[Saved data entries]
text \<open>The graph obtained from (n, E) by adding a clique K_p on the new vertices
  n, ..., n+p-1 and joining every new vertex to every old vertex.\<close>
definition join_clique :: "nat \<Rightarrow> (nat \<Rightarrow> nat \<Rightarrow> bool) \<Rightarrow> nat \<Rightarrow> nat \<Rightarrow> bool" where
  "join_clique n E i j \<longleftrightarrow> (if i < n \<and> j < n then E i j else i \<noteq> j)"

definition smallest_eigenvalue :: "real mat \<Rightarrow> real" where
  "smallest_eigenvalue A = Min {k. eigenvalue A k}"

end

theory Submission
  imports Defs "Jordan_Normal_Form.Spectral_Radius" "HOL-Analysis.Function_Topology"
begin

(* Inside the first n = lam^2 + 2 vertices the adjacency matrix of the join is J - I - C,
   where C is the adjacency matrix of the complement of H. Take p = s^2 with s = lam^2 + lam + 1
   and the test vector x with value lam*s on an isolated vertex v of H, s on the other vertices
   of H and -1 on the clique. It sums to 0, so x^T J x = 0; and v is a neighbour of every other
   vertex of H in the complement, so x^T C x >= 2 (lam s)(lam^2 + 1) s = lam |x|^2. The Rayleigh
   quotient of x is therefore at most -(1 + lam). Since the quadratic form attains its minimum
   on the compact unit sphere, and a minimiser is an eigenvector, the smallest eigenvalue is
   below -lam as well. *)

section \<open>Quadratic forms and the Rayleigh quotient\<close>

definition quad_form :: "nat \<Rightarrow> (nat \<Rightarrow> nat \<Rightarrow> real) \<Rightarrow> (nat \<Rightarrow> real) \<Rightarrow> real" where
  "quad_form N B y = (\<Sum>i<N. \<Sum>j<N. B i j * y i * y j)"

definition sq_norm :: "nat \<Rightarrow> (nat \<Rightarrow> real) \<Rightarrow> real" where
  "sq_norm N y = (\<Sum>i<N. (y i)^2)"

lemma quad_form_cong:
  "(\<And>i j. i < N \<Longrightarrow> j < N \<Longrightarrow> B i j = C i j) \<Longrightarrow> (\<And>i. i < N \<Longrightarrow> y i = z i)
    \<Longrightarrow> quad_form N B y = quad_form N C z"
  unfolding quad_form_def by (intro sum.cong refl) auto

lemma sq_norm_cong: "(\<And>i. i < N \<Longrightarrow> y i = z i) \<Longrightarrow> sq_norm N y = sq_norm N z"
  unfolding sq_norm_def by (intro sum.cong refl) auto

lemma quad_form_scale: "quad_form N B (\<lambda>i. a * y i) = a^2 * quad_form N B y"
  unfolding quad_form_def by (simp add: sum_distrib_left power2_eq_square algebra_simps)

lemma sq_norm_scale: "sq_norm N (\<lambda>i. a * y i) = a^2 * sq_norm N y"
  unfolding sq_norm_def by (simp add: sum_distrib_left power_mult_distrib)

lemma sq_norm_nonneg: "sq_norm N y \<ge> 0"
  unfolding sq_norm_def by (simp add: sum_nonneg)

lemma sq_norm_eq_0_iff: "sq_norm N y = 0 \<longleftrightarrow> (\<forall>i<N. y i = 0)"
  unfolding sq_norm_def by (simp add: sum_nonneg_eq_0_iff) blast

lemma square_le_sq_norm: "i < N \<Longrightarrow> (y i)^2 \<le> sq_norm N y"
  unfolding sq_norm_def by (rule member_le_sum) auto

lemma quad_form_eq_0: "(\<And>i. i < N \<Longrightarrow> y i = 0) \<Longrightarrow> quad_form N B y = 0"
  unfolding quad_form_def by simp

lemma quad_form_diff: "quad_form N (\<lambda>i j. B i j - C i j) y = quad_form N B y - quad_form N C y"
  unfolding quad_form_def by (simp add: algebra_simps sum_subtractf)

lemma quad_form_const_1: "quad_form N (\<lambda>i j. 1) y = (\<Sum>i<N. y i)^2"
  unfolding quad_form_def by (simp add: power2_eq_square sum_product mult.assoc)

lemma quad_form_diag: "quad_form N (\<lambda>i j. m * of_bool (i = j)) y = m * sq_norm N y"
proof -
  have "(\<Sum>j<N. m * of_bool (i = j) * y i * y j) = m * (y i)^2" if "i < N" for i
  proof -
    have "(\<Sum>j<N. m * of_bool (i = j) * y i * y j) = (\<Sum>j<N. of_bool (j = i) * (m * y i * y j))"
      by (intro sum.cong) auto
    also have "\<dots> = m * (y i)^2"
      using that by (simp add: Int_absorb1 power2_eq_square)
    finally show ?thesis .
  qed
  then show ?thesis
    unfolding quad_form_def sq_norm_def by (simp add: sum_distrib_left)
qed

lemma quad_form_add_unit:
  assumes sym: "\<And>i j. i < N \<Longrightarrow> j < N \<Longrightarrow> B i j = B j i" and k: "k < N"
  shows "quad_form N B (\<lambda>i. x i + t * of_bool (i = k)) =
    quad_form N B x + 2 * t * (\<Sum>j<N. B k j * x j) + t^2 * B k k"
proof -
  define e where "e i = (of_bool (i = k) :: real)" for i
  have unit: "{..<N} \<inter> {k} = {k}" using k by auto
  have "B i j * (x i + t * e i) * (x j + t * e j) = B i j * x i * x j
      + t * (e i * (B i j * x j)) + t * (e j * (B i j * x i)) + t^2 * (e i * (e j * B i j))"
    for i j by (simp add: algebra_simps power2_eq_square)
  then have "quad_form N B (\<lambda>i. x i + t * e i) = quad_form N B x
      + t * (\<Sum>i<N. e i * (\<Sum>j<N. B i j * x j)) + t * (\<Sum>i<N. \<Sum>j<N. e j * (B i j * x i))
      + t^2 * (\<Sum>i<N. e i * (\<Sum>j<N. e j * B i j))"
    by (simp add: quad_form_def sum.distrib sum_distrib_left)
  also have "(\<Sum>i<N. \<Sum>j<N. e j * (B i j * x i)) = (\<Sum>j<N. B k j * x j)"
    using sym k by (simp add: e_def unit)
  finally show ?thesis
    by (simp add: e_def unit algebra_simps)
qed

### Task statement:
Nothing but the lines from the one holding "t * of_bool" to the end of the entries should be output, each exactly as it appears.

### Exercise response:
  shows "quad_form N B (\<lambda>i. x i + t * of_bool (i = k)) =
    quad_form N B x + 2 * t * (\<Sum>j<N. B k j * x j) + t^2 * B k k"
proof -
  define e where "e i = (of_bool (i = k) :: real)" for i
  have unit: "{..<N} \<inter> {k} = {k}" using k by auto
  have "B i j * (x i + t * e i) * (x j + t * e j) = B i j * x i * x j
      + t * (e i * (B i j * x j)) + t * (e j * (B i j * x i)) + t^2 * (e i * (e j * B i j))"
    for i j by (simp add: algebra_simps power2_eq_square)
  then have "quad_form N B (\<lambda>i. x i + t * e i) = quad_form N B x
      + t * (\<Sum>i<N. e i * (\<Sum>j<N. B i j * x j)) + t * (\<Sum>i<N. \<Sum>j<N. e j * (B i j * x i))
      + t^2 * (\<Sum>i<N. e i * (\<Sum>j<N. e j * B i j))"
    by (simp add: quad_form_def sum.distrib sum_distrib_left)
  also have "(\<Sum>i<N. \<Sum>j<N. e j * (B i j * x i)) = (\<Sum>j<N. B k j * x j)"
    using sym k by (simp add: e_def unit)
  finally show ?thesis
    by (simp add: e_def unit algebra_simps)
qed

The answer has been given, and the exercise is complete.